Results
Overview
GWP grew by 17.0%, primarily reflecting the first-time inclusion of the former Wesfarmers business.
The insurance profit was influenced by the severe perils outcome, which had a net cost of $1,048 million, and was $495 million higher than the prior year.
The reduction in cash earnings reflected the significantly higher level of natural perils and lower reserve releases in the 2015 financial year, compared to the prior year.
The reported insurance margin incorporates:
- net natural peril claim costs of $1,048 million, which were $348 million higher than the related allowance and after exhaustion of the $150 million reinsurance cover in excess of the 2015 financial year’s perils allowance of $700 million;
- a reduced favourable impact of $33 million from the narrowing of credit spreads, compared to $100 million last financial year; and
- prior period reserve releases of $167 million, equivalent to 1.6% of net earned premium, down from $248 million in the 2014 financial year.

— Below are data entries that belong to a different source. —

(* Assume $\mathcal R_0>1$ and let $$\lambda>\frac{\big(\beta_E\nu\nu_E-(\nu_E+\delta_E)\delta_F\big)\delta_s}{\gamma_s(\nu_E+\delta_E)\delta_F}.$$ Then $\mathcal M:=\mathcal M(\overline\kappa)$ is positively invariant and $\mathbf 0$ is globally asymptotically stable in $\mathcal M$ (in the Filippov sense) for the closed-loop system $$\dot E=\beta_E F\Big(1-\frac EK\Big)-(\nu_E+\delta_E)E,\quad \dot M=(1-\nu)\nu_E E-\delta_M M,\quad \dot F=\nu\nu_E E\frac{M}{M+\gamma_sM_s}-\delta_F F,\quad \dot M_s=\lambda M-\delta_sM_s.$$
   Context: Parameters: $\beta_E,\nu_E,\delta_E,\delta_M,\delta_F,\delta_s,K>0$, $\nu\in(0,1)$, $\gamma_s\in(0,1]$, $\delta_s\ge\delta_M$. $\mathcal R_0:=\dfrac{\beta_E\nu\nu_E}{\delta_F(\nu_E+\delta_E)}$. $\mathcal D'=[0,+\infty)^4$, $z=(E,M,F,M_s)^T$. $\overline\kappa:=\dfrac{\gamma_s\delta_F(\nu_E+\delta_E)}{\beta_E\nu\nu_E-\delta_F(\nu_E+\delta_E)}$. $\mathcal T_1=\{z\in\mathcal D':\beta_EF(1-E/K)\le(\nu_E+\delta_E)E\}$, $\mathcal T_2(\kappa)=\{z\in\mathcal D':M\le\kappa M_s\}$, $\mathcal T_3=\{z\in\mathcal D':(1-\nu)\nu_EE\le\delta_MM\}$, $\mathcal M(\kappa)=\mathcal T_1\cap\mathcal T_2(\kappa)\cap\mathcal T_3$. Filippov solutions: locally Lipschitz $z:I\to\mathcal D'$ with $\dot z(t)\in\bigcap_{\varepsilon>0}\bigcap_{N}\overline{\mathrm{conv}}\,X\big(((z(t)+\varepsilon B)\cap\mathcal D')\setminus N\big)$ for a.e. $t$ ($X$ the closed-loop right-hand side, $B$ unit ball of $\mathbb R^4$, $N$ Lebesgue-null). Globally asymptotically stable in $\mathcal S$: for every $\varepsilon>0$ there is $\delta>0$ such that every Filippov solution with $z(0)\in\mathcal S$, $\|z(0)\|<\delta$ satisfies $\|z(t)\|<\varepsilon$ for all $t>0$, and every Filippov solution with $z(0)\in\mathcal S$ tends to $\mathbf 0$. *)

theory Defs
  imports "HOL-Analysis.Analysis"
begin

text \<open>State z = (E, M, F, M_s) is a vector in real^4 with components
  z$1 = E, z$2 = M, z$3 = F, z$4 = M_s.\<close>

definition Dprime :: "(real^4) set" where
  "Dprime = {z. \<forall>i. z $ i \<ge> 0}"

definition vec4 :: "real \<Rightarrow> real \<Rightarrow> real \<Rightarrow> real \<Rightarrow> real^4" where
  "vec4 a b c d = (\<chi> i. if i = 1 then a else if i = 2 then b else if i = 3 then c else d)"

text \<open>Closed-loop right-hand side. Where M + gamma_s M_s = 0 the quotient is 0 (Isabelle's
  division convention); this is a Lebesgue-null set, irrelevant for Filippov solutions.\<close>
definition closed_loop ::
  "real \<Rightarrow> real \<Rightarrow> real \<Rightarrow> real \<Rightarrow> real \<Rightarrow> real \<Rightarrow> real \<Rightarrow> real \<Rightarrow> real \<Rightarrow> real \<Rightarrow> real^4 \<Rightarrow> real^4" where
  "closed_loop \<beta>E \<nu>E \<delta>E \<delta>M \<delta>F \<delta>s K \<nu> \<gamma>s lam z =
     (let E = z $ 1; M = z $ 2; F = z $ 3; Ms = z $ 4 in
      vec4 (\<beta>E * F * (1 - E / K) - (\<nu>E + \<delta>E) * E)
           ((1 - \<nu>) * \<nu>E * E - \<delta>M * M)
           (\<nu> * \<nu>E * E * (M / (M + \<gamma>s * Ms)) - \<delta>F * F)
           (lam * M - \<delta>s * Ms))"

definition filippov_set :: "(real^4 \<Rightarrow> real^4) \<Rightarrow> (real^4) set \<Rightarrow> real^4 \<Rightarrow> (real^4) set" where
  "filippov_set X D z =
     (\<Inter>\<epsilon>\<in>{0<..}. \<Inter>N\<in>null_sets lborel.
        closure (convex hull (X ` ((cball z \<epsilon> \<inter> D) - N))))"

definition locally_lipschitz_on :: "real set \<Rightarrow> (real \<Rightarrow> real^4) \<Rightarrow> bool" where
  "locally_lipschitz_on I z \<longleftrightarrow>
     (\<forall>t\<in>I. \<exists>r>0. \<exists>L. \<forall>s1\<in>I \<inter> ball t r. \<forall>s2\<in>I \<inter> ball t r.
        dist (z s1) (z s2) \<le> L * dist s1 s2)"

definition filippov_solution ::
  "(real^4 \<Rightarrow> real^4) \<Rightarrow> (real^4) set \<Rightarrow> real set \<Rightarrow> (real \<Rightarrow> real^4) \<Rightarrow> bool" where
  "filippov_solution X D I z \<longleftrightarrow>
     is_interval I \<and> locally_lipschitz_on I z \<and> (\<forall>t\<in>I. z t \<in> D) \<and>
     (AE t in lborel. t \<in> I \<longrightarrow>
        (\<exists>v. (z has_vector_derivative v) (at t within I) \<and> v \<in> filippov_set X D (z t)))"

definition positively_invariant ::
  "(real^4 \<Rightarrow> real^4) \<Rightarrow> (real^4) set \<Rightarrow> (real^4) set \<Rightarrow> bool" where
  "positively_invariant X D S \<longleftrightarrow>
     (\<forall>I z. filippov_solution X D I z \<and> 0 \<in> I \<and> z 0 \<in> S \<longrightarrow>
        (\<forall>t\<in>I. t \<ge> 0 \<longrightarrow> z t \<in> S))"

definition GAS_in ::
  "(real^4 \<Rightarrow> real^4) \<Rightarrow> (real^4) set \<Rightarrow> (real^4) set \<Rightarrow> bool" where
  "GAS_in X D S \<longleftrightarrow>
     (\<forall>\<epsilon>>0. \<exists>\<delta>>0. \<forall>I z. filippov_solution X D I z \<and> 0 \<in> I \<and> z 0 \<in> S \<and> norm (z 0) < \<delta> \<longrightarrow>
        (\<forall>t\<in>I. t > 0 \<longrightarrow> norm (z t) < \<epsilon>)) \<and>
     (\<forall>z. filippov_solution X D {0..} z \<and> z 0 \<in> S \<longrightarrow> (z \<longlongrightarrow> 0) at_top)"

definition T1 :: "real \<Rightarrow> real \<Rightarrow> real \<Rightarrow> real \<Rightarrow> (real^4) set" where
  "T1 \<beta>E \<nu>E \<delta>E K = {z \<in> Dprime. \<beta>E * z$3 * (1 - z$1 / K) \<le> (\<nu>E + \<delta>E) * z$1}"

definition T2 :: "real \<Rightarrow> (real^4) set" where
  "T2 \<kappa> = {z \<in> Dprime. z$2 \<le> \<kappa> * z$4}"

definition T3 :: "real \<Rightarrow> real \<Rightarrow> real \<Rightarrow> (real^4) set" where
  "T3 \<nu> \<nu>E \<delta>M = {z \<in> Dprime. (1 - \<nu>) * \<nu>E * z$1 \<le> \<delta>M * z$2}"

definition Mset :: "real \<Rightarrow> real \<Rightarrow> real \<Rightarrow> real \<Rightarrow> real \<Rightarrow> real \<Rightarrow> real \<Rightarrow> (real^4) set" where
  "Mset \<beta>E \<nu>E \<delta>E \<delta>M K \<nu> \<kappa> = T1 \<beta>E \<nu>E \<delta>E K \<inter> T2 \<kappa> \<inter> T3 \<nu> \<nu>E \<delta>M"

end

theory Submission
  imports Defs "HOL-Real_Asymp.Real_Asymp"
begin

text \<open>The set \<open>MM\<close> is cut out by \<open>g1 \<le> 0\<close>, \<open>g2 \<le> 0\<close>, \<open>g3 \<le> 0\<close> for the three functions
  \<open>g1 = \<beta>E F (1 - E/K) - (\<nu>E + \<delta>E) E\<close>, \<open>g2 = M - \<kappa> Ms\<close>, \<open>g3 = (1 - \<nu>) \<nu>E E - \<delta>M M\<close>.
  Each \<open>gi\<close> can only grow, while positive, at a rate controlled by the positive parts of the
  others, so the penalty \<open>V = \<Sum> (max 0 gi)\<^sup>2\<close> satisfies \<open>V' \<le> L V\<close> along Filippov solutions;
  as \<open>V\<close> vanishes exactly on \<open>MM\<close>, Gronwall's inequality gives invariance.

  Inside \<open>MM\<close> the male fraction \<open>M / (M + \<gamma>s Ms)\<close> is at most \<open>\<kappa> / (\<kappa> + \<gamma>s)\<close>, which turns the
  female equation into the linear inequality \<open>F' \<le> \<delta>F (\<nu>E + \<delta>E) E / \<beta>E - \<delta>F F\<close>. Hence \<open>E\<close> and
  \<open>M\<close> are nonincreasing and \<open>E + \<beta>E F / \<delta>F\<close> is a Lyapunov function dissipating at rate
  \<open>\<beta>E E F / K\<close>. This bounds the solution by a multiple of its initial norm (stability) and
  forces \<open>E \<rightarrow> 0\<close>, then \<open>M \<rightarrow> 0\<close>, \<open>F \<rightarrow> 0\<close> and \<open>Ms \<rightarrow> 0\<close> (attractivity).

  Solutions are only locally Lipschitz, so all monotonicity statements go through the fact that
  a pointwise Lipschitz function whose derivative is almost everywhere nonpositive is
  nonincreasing.\<close>

section \<open>Filippov velocities\<close>

lemma filippov_set_inner_le:
  fixes a :: "real^4"
  assumes v: "v \<in> filippov_set X D z" and h: "continuous (at z) h"
    and bound: "\<And>w. w \<in> D \<Longrightarrow> a \<bullet> X w \<le> h w"
  shows "a \<bullet> v \<le> h z"
proof (rule field_le_epsilon)
  fix \<eta> :: real assume "\<eta> > 0"
  then obtain d where "d > 0" and d: "\<And>w. dist w z < d \<Longrightarrow> \<bar>h w - h z\<bar> < \<eta>"
    using h unfolding continuous_at_eps_delta dist_real_def by blast
  have "X ` (cball z (d/2) \<inter> D) \<subseteq> {u. a \<bullet> u \<le> h z + \<eta>}"
  proof clarify
    fix w assume "w \<in> cball z (d/2)" "w \<in> D"
    then have "\<bar>h w - h z\<bar> < \<eta>" using d \<open>d > 0\<close> by (simp add: dist_commute)
    then show "a \<bullet> X w \<le> h z + \<eta>" using bound[OF \<open>w \<in> D\<close>] by linarith
  qed
  then have "closure (convex hull (X ` (cball z (d/2) \<inter> D))) \<subseteq> {u. a \<bullet> u \<le> h z + \<eta>}"
    by (intro closure_minimal hull_minimal convex_halfspace_le closed_halfspace_le)
  moreover have "v \<in> closure (convex hull (X ` (cball z (d/2) \<inter> D)))"
    using v \<open>d > 0\<close> unfolding filippov_set_def by fastforce
  ultimately show "a \<bullet> v \<le> h z + \<eta>" by blast
qed

lemma filippov_set_component_le:
  assumes "v \<in> filippov_set X D z" "continuous (at z) h" "\<And>w. w \<in> D \<Longrightarrow> X w $ i \<le> h w"
  shows "v $ i \<le> h z"
  using filippov_set_inner_le[of v X D z h "axis i 1"] assms by (simp add: inner_axis')

lemma filippov_set_component_ge:
  assumes "v \<in> filippov_set X D z" "continuous (at z) h" "\<And>w. w \<in> D \<Longrightarrow> h w \<le> X w $ i"
  shows "h z \<le> v $ i"
  using filippov_set_inner_le[of v X D z "\<lambda>w. - h w" "axis i (-1)"] assms
  by (simp add: inner_axis' continuous_minus)

lemma filippov_set_component_eq:
  assumes "v \<in> filippov_set X D z" "continuous (at z) h" "\<And>w. w \<in> D \<Longrightarrow> X w $ i = h w"
  shows "v $ i = h z"
  using filippov_set_component_le[OF assms(1,2)] filippov_set_component_ge[OF assms(1,2)] assms(3)
  by (metis order.refl order.antisym)

section \<open>Pointwise Lipschitz functions and monotonicity\<close>

definition lipschitz_at :: "(real \<Rightarrow> real) \<Rightarrow> real set \<Rightarrow> real \<Rightarrow> bool" where
  "lipschitz_at f S t \<longleftrightarrow> (\<exists>r>0. \<exists>B. \<forall>s\<in>S. \<bar>s - t\<bar> < r \<longrightarrow> \<bar>f s - f t\<bar> \<le> B * \<bar>s - t\<bar>)"

lemma lipschitz_atE:
  assumes "lipschitz_at f S t"
  obtains r B where "r > 0" "B \<ge> 0" "\<And>s. s \<in> S \<Longrightarrow> \<bar>s - t\<bar> < r \<Longrightarrow> \<bar>f s - f t\<bar> \<le> B * \<bar>s - t\<bar>"
proof -
  obtain r B where "r > 0" and B: "\<And>s. s \<in> S \<Longrightarrow> \<bar>s - t\<bar> < r \<Longrightarrow> \<bar>f s - f t\<bar> \<le> B * \<bar>s - t\<bar>"
    using assms unfolding lipschitz_at_def by blast
  have "\<bar>f s - f t\<bar> \<le> \<bar>B\<bar> * \<bar>s - t\<bar>" if "s \<in> S" "\<bar>s - t\<bar> < r" for s
    using B[OF that] abs_ge_self[of B] by (meson mult_right_mono abs_ge_zero order.trans)
  then show thesis by (rule that[OF \<open>r > 0\<close> abs_ge_zero])
qed

lemma lipschitz_atI:
  "r > 0 \<Longrightarrow> (\<And>s. s \<in> S \<Longrightarrow> \<bar>s - t\<bar> < r \<Longrightarrow> \<bar>f s - f t\<bar> \<le> B * \<bar>s - t\<bar>) \<Longrightarrow> lipschitz_at f S t"
  unfolding lipschitz_at_def by blast

lemma lipschitz_at_imp_continuous_within:
  assumes "lipschitz_at f S t"
  shows "continuous (at t within S) f"
proof -
  obtain r B where "r > 0" "B \<ge> 0" and B: "\<And>s. s \<in> S \<Longrightarrow> \<bar>s - t\<bar> < r \<Longrightarrow> \<bar>f s - f t\<bar> \<le> B * \<bar>s - t\<bar>"
    using assms by (rule lipschitz_atE) auto
  show ?thesis
    unfolding continuous_within_eps_delta dist_real_def
  proof (intro allI impI)
    fix e :: real assume "e > 0"
    show "\<exists>d>0. \<forall>s\<in>S. \<bar>s - t\<bar> < d \<longrightarrow> \<bar>f s - f t\<bar> < e"
    proof (intro exI[of _ "min r (e / (B + 1))"] conjI ballI impI)
      show "min r (e / (B + 1)) > 0" using \<open>r > 0\<close> \<open>e > 0\<close> \<open>B \<ge> 0\<close> by simp
      fix s assume s: "s \<in> S" "\<bar>s - t\<bar> < min r (e / (B + 1))"
      have "\<bar>f s - f t\<bar> \<le> B * \<bar>s - t\<bar>" using B s by simp
      also have "\<dots> \<le> (B + 1) * \<bar>s - t\<bar>" by (simp add: distrib_right)
      also have "\<dots> < (B + 1) * (e / (B + 1))"
        using s \<open>B \<ge> 0\<close> by (intro mult_strict_left_mono) auto
      also have "\<dots> = e" using \<open>B \<ge> 0\<close> by simp
      finally show "\<bar>f s - f t\<bar> < e" .
    qed
  qed
qed
(* Let $\mathbb{F}_2$ be the free group on $T_1,T_2$, $X=\{-1,1\}^{\mathbb{F}_2}$ with the product of uniform measures $m$ and the shift action $(gx)^h=x^{hg}$, and let $X'=\{x\in X: gx\ne x \text{ for all } g\ne e\}$. Let $g_1,\dots,g_4$ be $T_1T_2^{-1},T_1^{-1}T_2,T_2T_1^{-1},T_2^{-1}T_1$ and let $g_5,\dots,g_{16}$ be the twelve distinct elements of reduced length $4$ obtained as products of two of $g_1,\dots,g_4$. Let $B_1,\dots,B_{17}$ be Borel sets partitioning $X'$ such that for every $i\le 16$ and $x\in X'$, the points $x$ and $g_ix$ lie in different sets, and let $\kappa(x)=j$ for $x\in B_j$. For $x\in X$ let $t(x)=\{T_1x,T_2x\}$ if $x^e=1$ and $t(x)=\{T_1^{-1}x,T_2^{-1}x\}$ if $x^e=-1$, and for $x\in X'$ let $L(x)=\kappa(t(x))$. Define the secondary graph on $X$: distinct $x,y\in X'$ are adjacent iff $t(x)\cap t(y)\ne\emptyset$, and points of $X\setminus X'$ have no neighbours. Then the colouring rule "$c(x)\in L(x)$ and $c(x)\ne c(y)$ whenever $x,y$ are adjacent", with colour set $\{1,\dots,17\}$ (proper list colouring of the secondary graph), is paradoxical.
   Context: A colouring $c:X\to\{1,\dots,17\}$ satisfies the rule if the requirement holds at $m$-almost every $x$. The rule is paradoxical if (a) some colouring (not necessarily measurable) satisfies it, and (b) there is no pair $(\mu,c)$ where $\mu$ is a finitely additive $\mathbb{F}_2$-invariant probability measure on an $\mathbb{F}_2$-invariant algebra $\mathcal{B}$ containing all $m$-measurable sets and extending $m$, and $c$ is a colouring satisfying the rule all of whose colour classes lie in $\mathcal{B}$. *)

theory Defs
  imports "HOL-Probability.Probability"
begin

datatype gen = Ga | Gb

type_synonym letter = "gen \<times> bool"  (* (s, False) = s, (s, True) = s^-1 *)

definition inv_letter :: "letter \<Rightarrow> letter" where
  "inv_letter l = (fst l, \<not> snd l)"

fun reduced :: "letter list \<Rightarrow> bool" where
  "reduced (x # y # ys) = (y \<noteq> inv_letter x \<and> reduced (y # ys))"
| "reduced _ = True"

fun cancel :: "letter \<Rightarrow> letter list \<Rightarrow> letter list" where
  "cancel x [] = [x]"
| "cancel x (y # ys) = (if y = inv_letter x then ys else x # y # ys)"

definition wmul :: "letter list \<Rightarrow> letter list \<Rightarrow> letter list" where
  "wmul u v = foldr cancel u v"
lemma nterms_lower_triangular_form_le:
  assumes n: "1 \<le> n" and F: "\<forall>i\<in>{1..n}. symm n (F i)" and Fb: "\<forall>i\<in>{1..n}. symm n (Fb i)"
    and equiv: "quad_equiv n F G h Fb Gb (\<lambda>_. 0)"
  shows "nterms n (\<lambda>i j k. 0) (\<lambda>j k. 2 * lower_diag (Mmat n F G) j k) \<le> nterms n Fb Gb"
proof -
  obtain P Q where eqns: "\<forall>i\<in>{1..n}. homological_eqns n F G h Fb Gb P Q i"
    using equiv unfolding quad_equiv_iff_homological_eqns[OF n F Fb] by blast
  have rec: "shift_recurrence n P (\<lambda>m a b. F m a b - Fb m a b)"
    using eqns by (rule homological_eqns_shift_recurrence)
  define NF where "NF = {(m, j, r). m \<in> {1..n} \<and> j \<in> {1..n} \<and> r \<in> {1..n} \<and> j \<le> r \<and> Fb m j r \<noteq> 0}"
  define NG where "NG = {(i, k). i \<in> {1..n} \<and> k \<in> {1..n} \<and> Gb i k \<noteq> 0}"
  define NL where "NL = {(i, k). i \<in> {1..n} \<and> k \<in> {1..n} \<and> 2 * lower_diag (Mmat n F G) i k \<noteq> 0}"
  have "NL \<subseteq> NG \<union> (\<lambda>(m, j, r). (m + 1 + (n - r), j + 1 + (n - r))) ` NF"
  proof
    fix p assume "p \<in> NL"
    then obtain i k where p: "p = (i, k)" and i: "i \<in> {1..n}" and k: "k \<in> {1..n}"
      and "k \<le> i" and "Mmat n F G i k \<noteq> 0"
      unfolding NL_def lower_diag_def by (auto split: if_splits)
    moreover have "Gb i k = G i k - 2 * mmul n (P i) (Amat n) n k"
      using eqns i k unfolding homological_eqns_def by blast
    ultimately show "p \<in> NG \<union> (\<lambda>(m, j, r). (m + 1 + (n - r), j + 1 + (n - r))) ` NF"
      using lower_Mmat_entry_needs_quadratic_term[OF rec Fb i k] unfolding NG_def NF_def image_def
      by fastforce
  qed
  moreover have "finite NF"
    by (rule finite_subset[of _ "{1..n} \<times> {1..n} \<times> {1..n}"]) (auto simp: NF_def)
  moreover have "finite NG"
    by (rule finite_subset[of _ "{1..n} \<times> {1..n}"]) (auto simp: NG_def)
  ultimately have "card NL \<le> card NG + card NF"
    by (meson card_Un_le card_image_le card_mono finite_UnI finite_imageI add_left_mono order_trans)
  moreover have "nterms n (\<lambda>i j k. 0) (\<lambda>j k. 2 * lower_diag (Mmat n F G) j k) = card NL"
    unfolding nterms_def NL_def by (simp add: case_prod_unfold)
  moreover have "nterms n Fb Gb = card NF + card NG"
    unfolding nterms_def NF_def NG_def ..
  ultimately show ?thesis by simp
qed

theorem theorem4p7:
  fixes n :: nat
    and F :: "nat \<Rightarrow> nat \<Rightarrow> nat \<Rightarrow> real"
    and G :: "nat \<Rightarrow> nat \<Rightarrow> real"
    and h :: "nat \<Rightarrow> real"
  assumes "n \<ge> 2"
    and "\<forall>i\<in>{1..n}. symm n (F i)"
  shows "is_brunovsky n F G h (\<lambda>i j k. 0) (\<lambda>j k. 2 * lower_diag (Mmat n F G) j k)"
proof -
  have n: "1 \<le> n" using assms(1) by simp
  show ?thesis
    unfolding is_brunovsky_def
    using quad_equiv_lower_triangular_form[OF n assms(2)] nterms_lower_triangular_form_le[OF n assms(2)]
    by (auto simp: symm_def)
qed

end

This equates to a cash payout ratio of 70.2%, at the top end of the Group’s payout policy range of
50 – 70% of full year cash earnings.
The change in community investment reflects a reduced contribution by the business to the IAG Foundation, from $1.5 million in the 2014 financial year to
$0.5 million this year, as well as an adjustment to community investment in New Zealand, where the business has exited a number of sponsorships as it moves to align its community investment to our Purpose.